General Questions From an Operations Manager:
Is the Wait Time average downward trend a good thing? Are Wait Time averages really different for each week? Is there a significant improvement in Wait Times over the five-week period? What does the increase in the last week suggest? Should something be done to make improvements in our service delivery since it looks like Wait Times are going back up? Do we hire or fire call centre staff?
Research Questions From the Analytics Manager:
Are the differences in the average Wait Times statistically meaningful? If they are, what month(s) show the greatest improvement? Depending on the statistical results, are the changes in average Wait Time practically meaningful?
Hypothesis From the Statistician:
Ho: There is No statistical difference in average Wait Time for the five weeks.
Ha: There IS a statistical difference in average Wait Time for the five weeks.

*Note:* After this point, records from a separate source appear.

(* Let $D=(0,1)$, $\alpha\in(3/2,2)$ and $\mu\ge\alpha$. The operator $S:H^1_0(D)\to L^2(D)$ defined by $$Sw={}_0^RD_x^{2-\alpha}w-({}_0^RD_x^{2-\alpha}w)(1)\,x^\mu$$ is compact.
   Context: For $w\in H^1_0(D)$, ${}_0^RD_x^{2-\alpha}w(x)=\frac{1}{\Gamma(\alpha-1)}\int_0^x(x-t)^{\alpha-2}w'(t)dt$ (the Riemann–Liouville derivative $\frac{d}{dx}\,{}_0I_x^{\alpha-1}w$, where $({}_0I_x^\gamma g)(x)=\frac{1}{\Gamma(\gamma)}\int_0^x(x-t)^{\gamma-1}g(t)dt$), and $({}_0^RD_x^{2-\alpha}w)(1)=\frac{1}{\Gamma(\alpha-1)}\int_0^1(1-t)^{\alpha-2}w'(t)dt$. *)

theory Defs
  imports "HOL-Analysis.Analysis"
begin

abbreviation D :: "real set" where "D \<equiv> {0<..<1}"

definition L2D :: "(real \<Rightarrow> real) \<Rightarrow> bool" where
  "L2D f \<longleftrightarrow> set_borel_measurable lborel D f \<and> set_integrable lborel D (\<lambda>x. (f x)\<^sup>2)"

definition L2norm :: "(real \<Rightarrow> real) \<Rightarrow> real" where
  "L2norm f = sqrt (LINT x:D|lborel. (f x)\<^sup>2)"

text \<open>g is the (weak) derivative of w in L^2(D), with w(0) = 0 and w(1) = 0,
  i.e. w(x) = int_0^x g on [0,1] (absolutely continuous representative).\<close>
definition H10_deriv :: "(real \<Rightarrow> real) \<Rightarrow> (real \<Rightarrow> real) \<Rightarrow> bool" where
  "H10_deriv w g \<longleftrightarrow> L2D g \<and> (\<forall>x\<in>{0..1}. w x = (LINT t:{0<..<x}|lborel. g t)) \<and> w 1 = 0"

definition H10 :: "(real \<Rightarrow> real) set" where
  "H10 = {w. \<exists>g. H10_deriv w g}"

definition wderiv :: "(real \<Rightarrow> real) \<Rightarrow> (real \<Rightarrow> real)" where
  "wderiv w = (SOME g. H10_deriv w g)"

definition H1norm :: "(real \<Rightarrow> real) \<Rightarrow> real" where
  "H1norm w = sqrt ((L2norm w)\<^sup>2 + (L2norm (wderiv w))\<^sup>2)"

text \<open>Riemann--Liouville derivative of order 2 - alpha of w in H^1_0:
  1/Gamma(alpha-1) * int_0^x (x-t)^(alpha-2) w'(t) dt.\<close>
definition RL :: "real \<Rightarrow> (real \<Rightarrow> real) \<Rightarrow> real \<Rightarrow> real" where
  "RL \<alpha> w x = (LINT t:{0<..<x}|lborel. (x - t) powr (\<alpha> - 2) * wderiv w t) / Gamma (\<alpha> - 1)"

definition Sop :: "real \<Rightarrow> real \<Rightarrow> (real \<Rightarrow> real) \<Rightarrow> real \<Rightarrow> real" where
  "Sop \<alpha> \<mu> w x = RL \<alpha> w x - RL \<alpha> w 1 * x powr \<mu>"

definition compact_H10_L2 :: "((real \<Rightarrow> real) \<Rightarrow> (real \<Rightarrow> real)) \<Rightarrow> bool" where
  "compact_H10_L2 S \<longleftrightarrow> (\<forall>w\<in>H10. L2D (S w)) \<and>
     (\<forall>ws :: nat \<Rightarrow> real \<Rightarrow> real. (\<forall>n. ws n \<in> H10) \<and> (\<exists>C::real. \<forall>n. H1norm (ws n) \<le> C) \<longrightarrow>
        (\<exists>r f. strict_mono r \<and> L2D f \<and> (\<lambda>k. L2norm (\<lambda>x. S (ws (r k)) x - f x)) \<longlonglongrightarrow> 0))"

end

theory Submission
  imports Defs "HOL-Complex_Analysis.Great_Picard"
begin

text \<open>
  For w in H^1_0(D), RL \<alpha> w x is the integral of w' against the kernel (x - t) powr (\<alpha> - 2)
  on (0, x), which is square integrable because \<alpha> > 3/2. Cauchy--Schwarz therefore bounds
  RL \<alpha> w uniformly on [0,1] and makes it Hoelder continuous of exponent \<alpha> - 3/2, with
  constants proportional to the L^2 norm of w'. By Arzela--Ascoli an H^1-bounded sequence has a
  subsequence along which RL \<alpha> w converges uniformly on [0,1]; the rank-one correction
  (RL \<alpha> w)(1) x powr \<mu> converges with it, and uniform convergence implies convergence in L^2(D).
\<close>

lemma has_integral_powr_to_endpoint:
  fixes a b p :: real
  assumes p: "p > -1" and ab: "a \<le> b"
  shows "((\<lambda>t. (b - t) powr p) has_integral ((b - a) powr (p+1) / (p+1))) {a<..<b}"
proof -
  have "((\<lambda>x. x powr p) has_integral ((b - a) powr (p+1) / (p+1))) (cbox 0 (b-a))"
    using has_integral_powr_from_0[OF p, of "b-a"] ab by simp
  from has_integral_affinity[OF this, of "-1" b]
  have "((\<lambda>x. (-1 *\<^sub>R x + b) powr p) has_integral ((b - a) powr (p+1) / (p+1)))
          ((\<lambda>x. (1 / -1) *\<^sub>R x + - ((1 / -1) *\<^sub>R b)) ` cbox 0 (b-a))" by simp
  moreover have "((\<lambda>x. (1 / -1) *\<^sub>R x + - ((1 / -1) *\<^sub>R b)) ` cbox 0 (b-a)) = {a..b}"
    using image_affinity_atLeastAtMost[of "-1" b 0 "b-a"] ab by simp
  ultimately have "((\<lambda>t. (b - t) powr p) has_integral ((b - a) powr (p+1) / (p+1))) {a..b}"
    by simp
  then show ?thesis
    by (metis box_real(1) cbox_interval has_integral_open_interval)
qed

lemma set_integral_powr_to_endpoint:
  fixes a b p :: real
  assumes p: "p > -1" and ab: "a \<le> b"
  shows "set_integrable lborel {a<..<b} (\<lambda>t. (b - t) powr p)"
    and "(LINT t:{a<..<b}|lborel. (b - t) powr p) = (b - a) powr (p+1) / (p+1)"
proof -
  note has = has_integral_powr_to_endpoint[OF p ab]
  then have "(\<lambda>t. (b - t) powr p) absolutely_integrable_on {a<..<b}"
    by (intro nonnegative_absolutely_integrable_1) (auto simp: integrable_on_def)
  then have "integrable lebesgue (\<lambda>t. indicator {a<..<b} t *\<^sub>R (b - t) powr p)"
    by (simp add: set_integrable_def)
  then show int: "set_integrable lborel {a<..<b} (\<lambda>t. (b - t) powr p)"
    unfolding set_integrable_def
    by (subst (asm) integrable_completion) (auto simp: greaterThanLessThan_def[symmetric])
  show "(LINT t:{a<..<b}|lborel. (b - t) powr p) = (b - a) powr (p+1) / (p+1)"
    using set_borel_integral_eq_integral(2)[OF int] has integral_unique by metis
qed

lemma quadratic_nonneg_imp_discriminant_le:
  fixes A B C :: real
  assumes "\<And>t. 0 \<le> A + 2*t*C + t^2*B" "0 \<le> B"
  shows "C^2 \<le> A * B"
proof (cases "B = 0")
  case True
  show ?thesis
  proof (rule ccontr)
    assume "\<not> ?thesis"
    then have "C \<noteq> 0" using True by simp
    have "0 \<le> A + 2*(-(A+1)/(2*C))*C + (-(A+1)/(2*C))^2*B" by (rule assms(1))
    then show False using True \<open>C \<noteq> 0\<close> by (simp add: field_simps)
  qed
next
  case False
  then have B: "B > 0" using assms(2) by simp
  have "0 \<le> A + 2*(-C/B)*C + (-C/B)^2*B" by (rule assms(1))
  also have "\<dots> = (A*B - C^2)/B" using B by (simp add: field_simps power2_eq_square)
  finally show ?thesis using B by (simp add: zero_le_divide_iff)
qed

lemma Cauchy_Schwarz_integral:
  fixes f g :: "'a \<Rightarrow> real"
  assumes f: "f \<in> borel_measurable M" "integrable M (\<lambda>x. (f x)^2)"
    and g: "g \<in> borel_measurable M" "integrable M (\<lambda>x. (g x)^2)"
  shows "integrable M (\<lambda>x. f x * g x)"
    and "\<bar>\<integral>x. f x * g x \<partial>M\<bar> \<le> sqrt (\<integral>x. (f x)^2 \<partial>M) * sqrt (\<integral>x. (g x)^2 \<partial>M)"
proof -
  have AM_GM: "\<bar>u * v\<bar> \<le> (u^2 + v^2)/2" for u v :: real
    using sum_squares_bound[of "\<bar>u\<bar>" "\<bar>v\<bar>"] by (simp add: abs_mult)
  show fg: "integrable M (\<lambda>x. f x * g x)"
  proof (rule Bochner_Integration.integrable_bound[where f="\<lambda>x. ((f x)^2 + (g x)^2)/2"])
    show "integrable M (\<lambda>x. ((f x)^2 + (g x)^2)/2)" using f g by auto
    show "(\<lambda>x. f x * g x) \<in> borel_measurable M" using f g by measurable
    show "AE x in M. norm (f x * g x) \<le> norm (((f x)^2 + (g x)^2)/2)"
      using AM_GM by (auto intro!: AE_I2)
  qed
  define A where "A = (\<integral>x. (f x)^2 \<partial>M)"
  define B where "B = (\<integral>x. (g x)^2 \<partial>M)"
  define C where "C = (\<integral>x. f x * g x \<partial>M)"
  have "0 \<le> A + 2*t*C + t^2*B" for t
  proof -
    have "0 \<le> (\<integral>x. (f x + t * g x)^2 \<partial>M)" by simp
    also have "\<dots> = (\<integral>x. (f x)^2 + (2*t) * (f x * g x) + t^2 * (g x)^2 \<partial>M)"
      by (intro Bochner_Integration.integral_cong) (auto simp: power2_eq_square algebra_simps)
    also have "\<dots> = A + 2*t*C + t^2*B"
      unfolding A_def B_def C_def using f g fg by simp
    finally show ?thesis .
  qed
  then have "C^2 \<le> A * B"
    by (rule quadratic_nonneg_imp_discriminant_le) (simp add: B_def)
  then show "\<bar>\<integral>x. f x * g x \<partial>M\<bar> \<le> sqrt (\<integral>x. (f x)^2 \<partial>M) * sqrt (\<integral>x. (g x)^2 \<partial>M)"
    unfolding A_def B_def C_def by (metis real_sqrt_abs real_sqrt_le_mono real_sqrt_mult)
qed

definition RL_kernel :: "real \<Rightarrow> real \<Rightarrow> real \<Rightarrow> real" where
  "RL_kernel b x t = indicator {0<..<x} t * (x - t) powr b"

lemma RL_kernel_measurable [measurable]: "RL_kernel b x \<in> borel_measurable lborel"
  unfolding RL_kernel_def by measurable

lemma RL_kernel_square: "(RL_kernel b x t)^2 = indicator {0<..<x} t * (x - t) powr (2*b)"
  by (simp add: RL_kernel_def indicator_def power2_eq_square powr_add[symmetric])

lemma integral_RL_kernel_square:
  assumes "b > -1/2" "0 \<le> x"
  shows "integrable lborel (\<lambda>t. (RL_kernel b x t)^2)"
    and "(\<integral>t. (RL_kernel b x t)^2 \<partial>lborel) = x powr (2*b+1) / (2*b+1)"
  using set_integral_powr_to_endpoint[of "2*b" 0 x] assms
  by (simp_all add: RL_kernel_square set_integrable_def set_lebesgue_integral_def)

text \<open>Since \<open>b \<le> 0\<close> the kernel decreases in \<open>x\<close>, so on \<open>(0, y)\<close> the estimate is
  \<open>(u - v)\<^sup>2 \<le> v\<^sup>2 - u\<^sup>2\<close> for \<open>0 \<le> u \<le> v\<close>; the right-hand side has an explicit integral.\<close>
lemma RL_kernel_diff_square_le:
  assumes b: "b \<le> 0" and yx: "0 \<le> y" "y \<le> x" and t: "t \<noteq> y"
  shows "(RL_kernel b x t - RL_kernel b y t)^2
    \<le> (RL_kernel b y t)^2 - (RL_kernel b x t)^2 + 2 * (indicator {y<..<x} t * (x - t) powr (2*b))"
proof -
  consider "t \<le> 0" | "0 < t" "t < y" | "y < t" "t < x" | "x \<le> t" using t by linarith
  then show ?thesis
  proof cases
    case 2
    define u where "u = (x - t) powr b"
    define v where "v = (y - t) powr b"
    have "0 \<le> u" "u \<le> v"
      using 2 yx b by (auto simp: u_def v_def intro: powr_mono2')
    then have "(v - u) * (v - u) \<le> (v - u) * (v + u)" by (intro mult_left_mono) auto
    then have "(u - v)^2 \<le> v^2 - u^2" by (simp add: power2_eq_square algebra_simps)
    then show ?thesis using 2 yx by (simp add: RL_kernel_def u_def v_def)
  next
    case 3
    have "((x - t) powr b)^2 = (x - t) powr (2*b)"
      by (simp add: power2_eq_square powr_add[symmetric])
    then show ?thesis using 3 yx by (simp add: RL_kernel_def)
  qed (use yx in \<open>simp_all add: RL_kernel_def\<close>)
qed

lemma integral_RL_kernel_diff_square:
  assumes b: "b > -1/2" "b \<le> 0" and yx: "0 \<le> y" "y \<le> x"
  shows "integrable lborel (\<lambda>t. (RL_kernel b x t - RL_kernel b y t)^2)"
    and "(\<integral>t. (RL_kernel b x t - RL_kernel b y t)^2 \<partial>lborel) \<le> 2 * (x - y) powr (2*b+1) / (2*b+1)"
proof -
  have p: "2*b > -1" using b by simp
  note Kx = integral_RL_kernel_square[OF b(1), of x] and Ky = integral_RL_kernel_square[OF b(1) yx(1)]
  note mid = set_integral_powr_to_endpoint[OF p yx(2)]
  define h where
    "h t = (RL_kernel b y t)^2 - (RL_kernel b x t)^2 + 2 * (indicator {y<..<x} t * (x - t) powr (2*b))"
    for t
  have h: "integrable lborel h"
    unfolding h_def using Kx Ky mid(1) yx by (auto simp: set_integrable_def)
  have square_diff: "(u - v)^2 \<le> 2 * u^2 + 2 * v^2" for u v :: real
    using zero_le_power2[of "u + v"] by (simp add: power2_eq_square algebra_simps)
  show int: "integrable lborel (\<lambda>t. (RL_kernel b x t - RL_kernel b y t)^2)"
    by (rule Bochner_Integration.integrable_bound[where f="\<lambda>t. 2 * (RL_kernel b x t)^2 + 2 * (RL_kernel b y t)^2"])
       (use Kx Ky yx in \<open>auto intro!: AE_I2 simp: square_diff\<close>)
  have "(\<integral>t. (RL_kernel b x t - RL_kernel b y t)^2 \<partial>lborel) \<le> (\<integral>t. h t \<partial>lborel)"
    using AE_lborel_singleton[of y] RL_kernel_diff_square_le[OF b(2) yx]
    by (intro integral_mono_AE[OF int h]) (auto simp: h_def elim!: eventually_mono)
  also have "\<dots> = y powr (2*b+1) / (2*b+1) - x powr (2*b+1) / (2*b+1) + 2 * ((x - y) powr (2*b+1) / (2*b+1))"
    unfolding h_def using Kx Ky mid yx by (simp add: set_integrable_def set_lebesgue_integral_def)
  also have "\<dots> \<le> 2 * (x - y) powr (2*b+1) / (2*b+1)"
    using yx p by (simp add: divide_right_mono powr_mono2)
  finally show "(\<integral>t. (RL_kernel b x t - RL_kernel b y t)^2 \<partial>lborel) \<le> 2 * (x - y) powr (2*b+1) / (2*b+1)" .
qed

lemma continuous_on_imp_L2D:
  assumes "continuous_on {0..1} f"
  shows "L2D f"
proof -
  have "set_integrable lborel {0..1} f" using assms by (rule borel_integrable_atLeastAtMost')
  then have "set_integrable lborel D f" by (rule set_integrable_subset) auto
  then have "set_borel_measurable lborel D f"
    unfolding set_integrable_def set_borel_measurable_def by (rule borel_measurable_integrable)
  moreover have "continuous_on {0..1} (\<lambda>x. (f x)^2)" using assms by (intro continuous_intros)
  then have "set_integrable lborel {0..1} (\<lambda>x. (f x)^2)" by (rule borel_integrable_atLeastAtMost')
  then have "set_integrable lborel D (\<lambda>x. (f x)^2)" by (rule set_integrable_subset) auto
  ultimately show ?thesis by (simp add: L2D_def)
qed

The One-way Analysis of Variance (ANOVA) is the appropriate statistical test to use when comparing the differences between three or more averages.
Results & Interpretation:
In this example, the ANOVA will determine if the observed differences in average Wait Time is statistically different. The chart suggests a dramatic downward trend with large differences. The ANOVA test will help managers make a practical interpretation of the apparent trend. For example, if the downward trend is statistically significant, managers may check customer satisfaction to confirm if a decrease in Wait Time by 41 seconds really improves service? If the trend is statistically significant, managers may also want to reward staff for their excellent performance.